🚀Meta Superintelligence Labs Ships Its First Model Muse Spark
Meta's Superintelligence Labs just rolled out Muse Spark, a multimodal reasoning model that marks the highly anticipated debut release of Alexandr Wang's high-profile division assembled last summer.
- —Muse Spark handles voice, text, and image inputs, with a contemplating mode that pits multiple agents against each other on hard problems
- —The model's benchmarks are competitive with frontier rivals like Opus 4.6 and GPT 5.4 on reasoning, though it lags in coding and tests like ARC-AGI 2
- —Muse Spark is particularly strong in health reasoning, with the company prioritizing the area as part of its 'personal superintelligence' mission
- —Unlike the Llama family, Muse Spark is proprietary, with Meta saying it hopes to open-source future versions but has not committed to a timeline
- —Wang took over Meta Superintelligence Labs 9 months ago after Zuck acquired Scale AI for $14.3B, saying the team "rebuilt our AI stack from scratch"

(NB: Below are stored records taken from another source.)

lemma factor_set_unique:
  assumes g: "g \<in> carrier G" and h: "h \<in> carrier G"
    and c: "Y g * Y h = Y (g \<otimes>\<^bsub>G\<^esub> h) * \<iota> (scalar_mat m c)"
  shows "c = factor_set g h"
proof (rule Y_mult_scalar_cancel)
  show "g \<otimes>\<^bsub>G\<^esub> h \<in> carrier G" using g h by simp
  show "Y (g \<otimes>\<^bsub>G\<^esub> h) * \<iota> (scalar_mat m c) = Y (g \<otimes>\<^bsub>G\<^esub> h) * \<iota> (scalar_mat m (factor_set g h))"
    using c Y_mult_Y_factor_set[OF g h] by simp
qed

lemma factor_set_nonzero:
  assumes g: "g \<in> carrier G" and h: "h \<in> carrier G"
  shows "factor_set g h \<noteq> 0"
proof
  assume "factor_set g h = 0"
  moreover have "scalar_mat m 0 = (0\<^sub>m m m :: 'e mat)"
    by (auto simp: scalar_mat_def intro!: eq_matI)
  ultimately have "Y g * Y h = 0\<^sub>m n n"
    using Y_mult_Y_factor_set[OF g h] g h by (simp add: zero right_mult_zero_mat[of _ n n])
  moreover have "invertible_mat (Y g * Y h)"
    using Y_GL g h by (intro invertible_mat_mult[of _ n]) auto
  ultimately have "invertible_mat (0\<^sub>m n n :: 'f mat)" by simp
  then have "det (0\<^sub>m n n :: 'f mat) \<noteq> 0" by (simp add: invertible_mat_iff_det[of _ n])
  then show False using target_dim_pos by simp
qed

theorem factor_set_cocycle:
  assumes g: "g \<in> carrier G" and h: "h \<in> carrier G" and k: "k \<in> carrier G"
  shows "factor_set (g \<otimes>\<^bsub>G\<^esub> h) k * \<sigma> k (factor_set g h) =
    factor_set g (h \<otimes>\<^bsub>G\<^esub> k) * factor_set h k"
proof -
  let ?\<alpha> = factor_set and ?s = "\<lambda>c. \<iota> (scalar_mat m c)"
  have gh: "g \<otimes>\<^bsub>G\<^esub> h \<in> carrier G" and hk: "h \<otimes>\<^bsub>G\<^esub> k \<in> carrier G"
    and ghk: "g \<otimes>\<^bsub>G\<^esub> h \<otimes>\<^bsub>G\<^esub> k \<in> carrier G" using g h k by auto
  note assoc = assoc_mult_mat[of _ n n _ n _ n]
  have "Y (g \<otimes>\<^bsub>G\<^esub> h \<otimes>\<^bsub>G\<^esub> k) * ?s (?\<alpha> (g \<otimes>\<^bsub>G\<^esub> h) k * \<sigma> k (?\<alpha> g h)) =
      (Y (g \<otimes>\<^bsub>G\<^esub> h) * Y k) * ?s (\<sigma> k (?\<alpha> g h))"
    using ghk by (simp add: Y_mult_Y_factor_set[OF gh k] scalar_mult[symmetric] assoc)
  also have "\<dots> = Y (g \<otimes>\<^bsub>G\<^esub> h) * (?s (?\<alpha> g h) * Y k)"
    using gh k by (simp add: scalar_mult_Y[OF k] assoc)
  also have "\<dots> = Y g * (Y h * Y k)"
    using g h k gh by (simp add: Y_mult_Y_factor_set[OF g h] assoc[symmetric])
  also have "\<dots> = Y (g \<otimes>\<^bsub>G\<^esub> (h \<otimes>\<^bsub>G\<^esub> k)) * ?s (?\<alpha> g (h \<otimes>\<^bsub>G\<^esub> k) * ?\<alpha> h k)"
    using g hk ghk
    by (simp add: Y_mult_Y_factor_set[OF h k] Y_mult_Y_factor_set[OF g hk, symmetric]
        scalar_mult[symmetric] assoc[symmetric] m_assoc)
  finally show ?thesis
    using Y_mult_scalar_cancel[OF ghk] g h k by (simp add: m_assoc)
qed


end
lemma app_X_op: "app X_op = shift_x" by (simp add: X_op_def Op_inverse linear_action_shift_x)
lemma app_Y_op: "app (Y_op N) = act_y N" by (simp add: Y_op_def Op_inverse linear_action_act_y)

lemma app_X_op_pow: "app (X_op ^ n) v = (\<lambda>(a,b). if n \<le> a then v (a - n, b) else 0)"
proof (induction n arbitrary: v)
  case 0 thus ?case by (simp add: app_one)
next
  case (Suc n)
  show ?case
    by (auto simp: app_times app_X_op Suc shift_x_def fun_eq_iff)
qed

lemma Y_X_relation: "N \<ge> 1 \<Longrightarrow> Y_op N * X_op - X_op * Y_op N = (X_op ^ N :: 'k::comm_ring_1 lin_op)"
proof (rule lin_op_eqI)
  fix v :: "nat \<times> nat \<Rightarrow> 'k"
  assume N: "N \<ge> 1"
  show "app (Y_op N * X_op - X_op * Y_op N) v = app (X_op ^ N) v"
  proof
    fix z :: "nat \<times> nat"
    obtain a b where z: "z = (a,b)" by (cases z)
    have L: "app (Y_op N * X_op - X_op * Y_op N) v z =
       ((if b = 0 then 0 else shift_x v (a, b - 1)) +
         (if N - 1 \<le> a then of_nat (a - (N - 1)) * shift_x v (a - (N - 1), b) else 0))
      - (if a = 0 then 0 else act_y N v (a - 1, b))"
      by (simp add: z app_minus app_times app_X_op app_Y_op act_y_def shift_x_def)
    show "app (Y_op N * X_op - X_op * Y_op N) v z = app (X_op ^ N) v z"
    proof (cases "N \<le> a")
      case True
      obtain m where a: "a = N + m" using le_Suc_ex[OF True] by blast
      obtain K where K: "N = Suc K" using N by (cases N) auto
      have R: "app (X_op ^ N) v z = v (m, b)" using True by (simp add: z app_X_op_pow a)
      show ?thesis unfolding L R
        by (simp add: shift_x_def act_y_def a K algebra_simps)
    next
      case False
      have R: "app (X_op ^ N) v z = 0" using False by (simp add: z app_X_op_pow)
      have e: "\<not> (N - 1 \<le> a - 1) \<or> a = 0" using False N by auto
      show ?thesis
      proof (cases "N - 1 \<le> a")
        case True
        hence "a - (N - 1) = 0" using False by auto
        thus ?thesis using e unfolding L R by (auto simp: shift_x_def act_y_def)
      next
        case False
        thus ?thesis using e unfolding L R by (auto simp: shift_x_def act_y_def)
      qed
    qed
  qed
qed
(* Let $N\ge1$, $k>0$, $\gamma>0$, and let all $N$ channels have the same SNR $\gamma$. Define $\bar\Delta^*_{\mathrm{CS}}=\inf_{n>0}\bar\Delta_{\mathrm{CS}}(n)$, $\bar\Delta^*_{\mathrm{MP}}=\inf_{n>0}\left[\frac{n(1+\epsilon_{\mathrm{SC}}(n))}{2N(1-\epsilon_{\mathrm{SC}}(n))}+n\right]$, and $\bar\Delta^*_{\mathrm{PD}}=\inf_{n>0}\bar\Delta_{\mathrm{PD}}(n)$. Then $$\bar\Delta^*_{\mathrm{CS}}\le\bar\Delta^*_{\mathrm{MP}}\le\bar\Delta^*_{\mathrm{PD}}.$$
   Context: Let $Q(x)=\frac{1}{\sqrt{2\pi}}\int_x^\infty e^{-t^2/2}dt$ and for blocklength $n>0$, message size $k$ bits and SNR $\gamma>0$ let $\epsilon(n,k,\gamma)=Q\!\left(\frac{\frac12\log_2(1+\gamma)-\frac kn}{\log_2(e)\sqrt{\frac{1}{2n}\left(1-\frac{1}{(1+\gamma)^2}\right)}}\right)$ (variables treated as continuous). With $N$ channels of common SNR $\gamma$: single-channel error $\epsilon_{\mathrm{SC}}(n)=\epsilon(n,k,\gamma)$; packet duplication error $\epsilon_{\mathrm{PD}}(n)=\epsilon(n,k,\gamma)^N$; codeword splitting error (one codeword split into $N$ fragments of length $n$ sent in parallel) $\epsilon_{\mathrm{CS}}(n)=Q\!\left(\frac{\sum_{i=1}^N\frac12\log_2(1+\gamma)-\frac kn}{\log_2(e)\sqrt{\frac{1}{2n}\sum_{i=1}^N\left(1-\frac{1}{(1+\gamma)^2}\right)}}\right)$. For $\chi\in\{\mathrm{PD},\mathrm{CS}\}$, $\bar\Delta_\chi(n)=\frac{n(1+\epsilon_\chi(n))}{2(1-\epsilon_\chi(n))}+n$, the time-average Age of Information of the scheme that every $n$ time units generates a fresh update and delivers it $n$ time units later, successfully with probability $1-\epsilon_\chi(n)$ independently. The expression $\frac{n(1+\epsilon_{\mathrm{SC}}(n))}{2N(1-\epsilon_{\mathrm{SC}}(n))}+n$ is the time-average AoI of the multiplexing scheme (each of the $N$ channels periodically sends a fresh update with blocklength $n$, with offsets $\delta_i=in/N$) with optimal offsets. *)

theory Defs
  imports "HOL-Analysis.Analysis"
begin

definition Qfun :: "real \<Rightarrow> real" where
  "Qfun x = (1 / sqrt (2 * pi)) * (LBINT t:{x..}. exp (- (t^2) / 2))"

text \<open>Normal-approximation error probability epsilon(n,k,gamma); n, k real (continuous).\<close>
definition eps :: "real \<Rightarrow> real \<Rightarrow> real \<Rightarrow> real" where
  "eps n k \<gamma> = Qfun ((1/2 * log 2 (1 + \<gamma>) - k / n) /
      (log 2 (exp 1) * sqrt (1 / (2 * n) * (1 - 1 / (1 + \<gamma>)^2))))"

definition eps_SC :: "real \<Rightarrow> real \<Rightarrow> real \<Rightarrow> real" where
  "eps_SC k \<gamma> n = eps n k \<gamma>"

definition eps_PD :: "nat \<Rightarrow> real \<Rightarrow> real \<Rightarrow> real \<Rightarrow> real" where
  "eps_PD N k \<gamma> n = (eps n k \<gamma>) ^ N"

definition eps_CS :: "nat \<Rightarrow> real \<Rightarrow> real \<Rightarrow> real \<Rightarrow> real" where
  "eps_CS N k \<gamma> n = Qfun (((\<Sum>i=1..N. 1/2 * log 2 (1 + \<gamma>)) - k / n) /
      (log 2 (exp 1) * sqrt (1 / (2 * n) * (\<Sum>i=1..N. (1 - 1 / (1 + \<gamma>)^2)))))"

definition aoi :: "real \<Rightarrow> real \<Rightarrow> real" where
  "aoi e n = n * (1 + e) / (2 * (1 - e)) + n"

definition aoi_CS :: "nat \<Rightarrow> real \<Rightarrow> real \<Rightarrow> real \<Rightarrow> real" where
  "aoi_CS N k \<gamma> n = aoi (eps_CS N k \<gamma> n) n"

definition aoi_PD :: "nat \<Rightarrow> real \<Rightarrow> real \<Rightarrow> real \<Rightarrow> real" where
  "aoi_PD N k \<gamma> n = aoi (eps_PD N k \<gamma> n) n"

definition aoi_MP :: "nat \<Rightarrow> real \<Rightarrow> real \<Rightarrow> real \<Rightarrow> real" where
  "aoi_MP N k \<gamma> n = n * (1 + eps_SC k \<gamma> n) / (2 * real N * (1 - eps_SC k \<gamma> n)) + n"

end

theory Submission
  imports Defs "HOL-Probability.Probability"
begin

(* Codeword splitting at blocklength n / N has the same error probability as a single channel at
   blocklength n, because both the capacity term and the dispersion term add up over the N channels;
   so it matches the multiplexing AoI at n while the delivery delay shrinks from n to n / N.
   Against packet duplication with error e ^ N, multiplexing wins because
   (1 + e) / (N (1 - e)) <= (1 + e ^ N) / (1 - e ^ N): write 1 - e ^ N = (1 - e) * (sum of e ^ i, i < N)
   and pair e ^ i with e ^ (N - i), using e ^ i + e ^ (N - i) <= 1 + e ^ N.
   Both comparisons hold pointwise in n. *)

lemma Qfun_eq_std_normal: "Qfun x = (\<integral>t. indicator {x..} t * std_normal_density t \<partial>lborel)"
  unfolding Qfun_def set_lebesgue_integral_def std_normal_density_def
  by (simp add: integral_mult_right_zero[symmetric] mult.assoc mult.left_commute)

lemma Qfun_nonneg: "0 \<le> Qfun x"
  unfolding Qfun_eq_std_normal by (rule integral_nonneg_AE) (auto simp: indicator_def)

lemma Qfun_le_one: "Qfun x \<le> 1"
proof -
  have "integrable lborel (\<lambda>t. indicator {x..} t * std_normal_density t)"
    using integrable_mult_indicator[of "{x..}" lborel std_normal_density] by simp
  then have "Qfun x \<le> (\<integral>t. std_normal_density t \<partial>lborel)"
    unfolding Qfun_eq_std_normal by (rule integral_mono) (auto simp: indicator_def)
  then show ?thesis by simp
qed

lemma geometric_sum_pairing:
  fixes e :: real
  assumes "0 \<le> e" "e \<le> 1"
  shows "(1 + e) * (\<Sum>i<N. e ^ i) \<le> real N * (1 + e ^ N)"
proof -
  have "(\<Sum>i<N. e ^ Suc i) = (\<Sum>i<N. e ^ Suc (N - Suc i))"
    by (rule sum.nat_diff_reindex[symmetric])
  also have "\<dots> = (\<Sum>i<N. e ^ (N - i))"
    by (rule sum.cong) (auto simp: Suc_diff_Suc)
  finally have "(1 + e) * (\<Sum>i<N. e ^ i) = (\<Sum>i<N. e ^ i + e ^ (N - i))"
    by (simp add: sum.distrib sum_distrib_left algebra_simps)
  also have "\<dots> \<le> (\<Sum>i<N. 1 + e ^ N)"
  proof (rule sum_mono)
    fix i assume "i \<in> {..<N}"
    then have "e ^ N = e ^ i * e ^ (N - i)"
      by (simp add: power_add[symmetric])
    moreover have "0 \<le> (1 - e ^ i) * (1 - e ^ (N - i))"
      using assms by (intro mult_nonneg_nonneg) (auto simp: power_le_one)
    ultimately show "e ^ i + e ^ (N - i) \<le> 1 + e ^ N"
      by (simp add: algebra_simps)
  qed
  finally show ?thesis by simp
qed

lemma one_plus_div_one_minus_le_power:
  fixes e :: real
  assumes "0 \<le> e" "e < 1" "N \<ge> 1"
  shows "(1 + e) / (real N * (1 - e)) \<le> (1 + e ^ N) / (1 - e ^ N)"
proof -
  have "e ^ N < 1"
    using assms by (simp add: power_less_one_iff)
  have "(1 + e) * (1 - e ^ N) = (1 - e) * ((1 + e) * (\<Sum>i<N. e ^ i))"
    by (simp add: one_diff_power_eq)
  also have "\<dots> \<le> (1 - e) * (real N * (1 + e ^ N))"
    using geometric_sum_pairing assms by (intro mult_left_mono) auto
  finally show ?thesis
    using assms \<open>e ^ N < 1\<close> by (simp add: divide_simps) (simp add: mult_ac)
qed

lemma eps_bounds: "0 \<le> eps n k \<gamma>" "eps n k \<gamma> \<le> 1"
  unfolding eps_def by (rule Qfun_nonneg Qfun_le_one)+

lemma eps_CS_split_blocklength:
  assumes "N \<ge> 1" "n > 0"
  shows "eps_CS N k \<gamma> (n / real N) = eps_SC k \<gamma> n"
proof -
  have N: "real N > 0"
    using assms by simp
  have "1 / (2 * (n / real N)) * (real N * (1 - 1 / (1 + \<gamma>)^2))
      = (real N)^2 * (1 / (2 * n) * (1 - 1 / (1 + \<gamma>)^2))"
    using N by (simp add: field_simps power2_eq_square)
  then have "sqrt (1 / (2 * (n / real N)) * (real N * (1 - 1 / (1 + \<gamma>)^2)))
      = real N * sqrt (1 / (2 * n) * (1 - 1 / (1 + \<gamma>)^2))"
    by (simp only: real_sqrt_mult real_sqrt_abs abs_of_nonneg of_nat_0_le_iff)
  moreover have "real N * (1/2 * log 2 (1 + \<gamma>)) - k / (n / real N)
      = real N * (1/2 * log 2 (1 + \<gamma>) - k / n)"
    using N by (simp add: field_simps)
  ultimately show ?thesis
    unfolding eps_CS_def eps_SC_def eps_def using N by simp
qed

lemma aoi_nonneg:
  assumes "0 \<le> e" "e \<le> 1" "0 < n"
  shows "0 \<le> aoi e n"
  using assms by (cases "e = 1") (auto simp: aoi_def intro!: add_nonneg_nonneg divide_nonneg_pos)

lemma aoi_CS_nonneg: "n > 0 \<Longrightarrow> 0 \<le> aoi_CS N k \<gamma> n"
  unfolding aoi_CS_def eps_CS_def by (intro aoi_nonneg Qfun_nonneg Qfun_le_one)

lemma aoi_MP_nonneg:
  assumes "n > 0"
  shows "0 \<le> aoi_MP N k \<gamma> n"
proof -
  have "aoi_MP N k \<gamma> n = (aoi (eps n k \<gamma>) n - n) / real N + n"
    by (simp add: aoi_MP_def aoi_def eps_SC_def)
  moreover have "n \<le> aoi (eps n k \<gamma>) n"
    using eps_bounds[of n k \<gamma>] assms
    by (cases "eps n k \<gamma> = 1") (auto simp: aoi_def)
  ultimately show ?thesis
    using assms by simp
qed

lemma aoi_CS_le_aoi_MP:
  assumes "N \<ge> 1" "n > 0"
  shows "aoi_CS N k \<gamma> (n / real N) \<le> aoi_MP N k \<gamma> n"
proof -
  let ?e = "eps_SC k \<gamma> n"
  have "aoi_CS N k \<gamma> (n / real N) = n * (1 + ?e) / (2 * real N * (1 - ?e)) + n / real N"
    unfolding aoi_CS_def eps_CS_split_blocklength[OF assms] aoi_def by simp
  moreover have "n / real N \<le> n"
    using assms by (simp add: divide_le_eq)
  ultimately show ?thesis
    unfolding aoi_MP_def by linarith
qed

lemma aoi_MP_le_aoi_PD:
  assumes "N \<ge> 1" "n > 0"
  shows "aoi_MP N k \<gamma> n \<le> aoi_PD N k \<gamma> n"
proof (cases "eps n k \<gamma> = 1")
  case True
  then show ?thesis
    by (simp add: aoi_MP_def aoi_PD_def aoi_def eps_SC_def eps_PD_def)
next
  case False
  then have "(1 + eps n k \<gamma>) / (real N * (1 - eps n k \<gamma>))
      \<le> (1 + eps n k \<gamma> ^ N) / (1 - eps n k \<gamma> ^ N)"
    using eps_bounds[of n k \<gamma>] assms(1) by (intro one_plus_div_one_minus_le_power) auto
  then have "n * ((1 + eps n k \<gamma>) / (real N * (1 - eps n k \<gamma>))) / 2
      \<le> n * ((1 + eps n k \<gamma> ^ N) / (1 - eps n k \<gamma> ^ N)) / 2"
    using assms(2) by (intro divide_right_mono mult_left_mono) auto
  then show ?thesis
    by (simp add: aoi_MP_def aoi_PD_def aoi_def eps_SC_def eps_PD_def field_simps)
qed

theorem theorem2:
  fixes N :: nat and k \<gamma> :: real
  assumes "N \<ge> 1" and "k > 0" and "\<gamma> > 0"
  shows "Inf (aoi_CS N k \<gamma> ` {0<..}) \<le> Inf (aoi_MP N k \<gamma> ` {0<..})
       \<and> Inf (aoi_MP N k \<gamma> ` {0<..}) \<le> Inf (aoi_PD N k \<gamma> ` {0<..})"
proof
  show "Inf (aoi_CS N k \<gamma> ` {0<..}) \<le> Inf (aoi_MP N k \<gamma> ` {0<..})"
  proof (rule cINF_mono)
    show "bdd_below (aoi_CS N k \<gamma> ` {0<..})"
      by (rule bdd_belowI2[of _ 0]) (simp add: aoi_CS_nonneg)
    fix n :: real assume "n \<in> {0<..}"
    then show "\<exists>m\<in>{0<..}. aoi_CS N k \<gamma> m \<le> aoi_MP N k \<gamma> n"
      using aoi_CS_le_aoi_MP[OF assms(1)] assms(1) by (intro bexI[of _ "n / real N"]) auto
  qed auto
  show "Inf (aoi_MP N k \<gamma> ` {0<..}) \<le> Inf (aoi_PD N k \<gamma> ` {0<..})"
  proof (rule cINF_mono)
    show "bdd_below (aoi_MP N k \<gamma> ` {0<..})"
      by (rule bdd_belowI2[of _ 0]) (simp add: aoi_MP_nonneg)
  qed (use aoi_MP_le_aoi_PD[OF assms(1)] in auto)
qed

end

Why it matters: Meta is back in the game. While still sitting below the top models, Muse Spark is a serious change from where Meta sat with its Llama family. It may not break the internet, but with tons of resources, valuable data across its platforms, and billions of users, Meta's AI efforts just took a step in the right direction.
🎭HeyGen's Avatar V Solves AI's Identity Drift
HeyGen released Avatar V, a new model the company calls "the most realistic AI avatar model in the world," and claims that it can eliminate identity drift — the tendency for AI-generated faces to stop resembling the user over time.
- —The system builds a full video avatar from a short 15-second phone recording, capturing the user's real facial details, gestures, and movement patterns
- —The model also separates identity from appearance for the first time, allowing users to record once, then swap outfits and backgrounds without filming again
- —HeyGen says Avatar V outperformed Google's Veo 3.1 on accuracy and lip sync in internal tests, while also beating out Kling and Seedance in blind tests
Why it matters: Just like image and video models, AI avatars have come a ridiculously long way over the last few years, going from simple mouth movements to mimicking a user's micro-movements for indistinguishable outputs. While some may scoff at the idea of an 'AI twin', the content creation landscape is changing with or without them.
📺Build an Automated Ad Generator with ElevenLabs Flows
In this guide, you will learn how to turn a product photo into a finished video ad using ElevenLabs Flows. It's a new workflow builder that bundles image, video, voice, and music in one place.
- —Open ElevenLabs, click ElevenCreative > Flows, then hit + New Flow. Name it [product line] ad template so you can reuse it
- —Add an Image Generation node and upload 1-3 product shots. Prompt with a scene, like: "The product on a white pedestal, studio product shoot, soft morning light, photorealistic product shot"
- —Add a Video Generation node, drag a line from the image node's output into the video node's start frame, and prompt: "Slow cinematic push-in on the product, soft morning light drifting across the scene, shallow depth of field"
- —Click Run on the video node > Run till here to generate an image and video in one go. Then, swap out image/video prompts, and quickly iterate on creatives
Why it matters: For audio, add a Text-to-Speech or Music node and connect it to a Mix Audio node alongside the video. You can also try this on other products by duplicating the canvas and swapping in new images.

⚒️ Anthropic Simplifies Agent-Building with Claude Managed Agents
Anthropic opened a public beta for Claude Managed Agents, a new platform that lets developers go from an agent idea to a live product in days — handling all the backend plumbing that used to take engineering teams months to set up.
- —Users pick the task, tools, and guardrails, with Managed Agents handling running, securing, and controlling what the agentic system can access
- —Agents can work solo for hours without dropping state, with a coordination mode also in preview, letting one agent farm out subtasks to others
- —Notion, Rakuten, Asana, and Sentry are early adopters, with Rakuten reportedly setting up agents across five departments in about a week each
- —Each agent session costs $0.08 per hour on top of the usual AI usage fee, with users paying based on consumption instead of upfront platform fees
Why it matters: Anthropic continues to roll out features that eat away at the complexities of users getting the most out of their models and tools. Managed Agents now does the same, simplifying the agentic building process and making it possible for anyone to deploy and control agents without the typical backend headaches.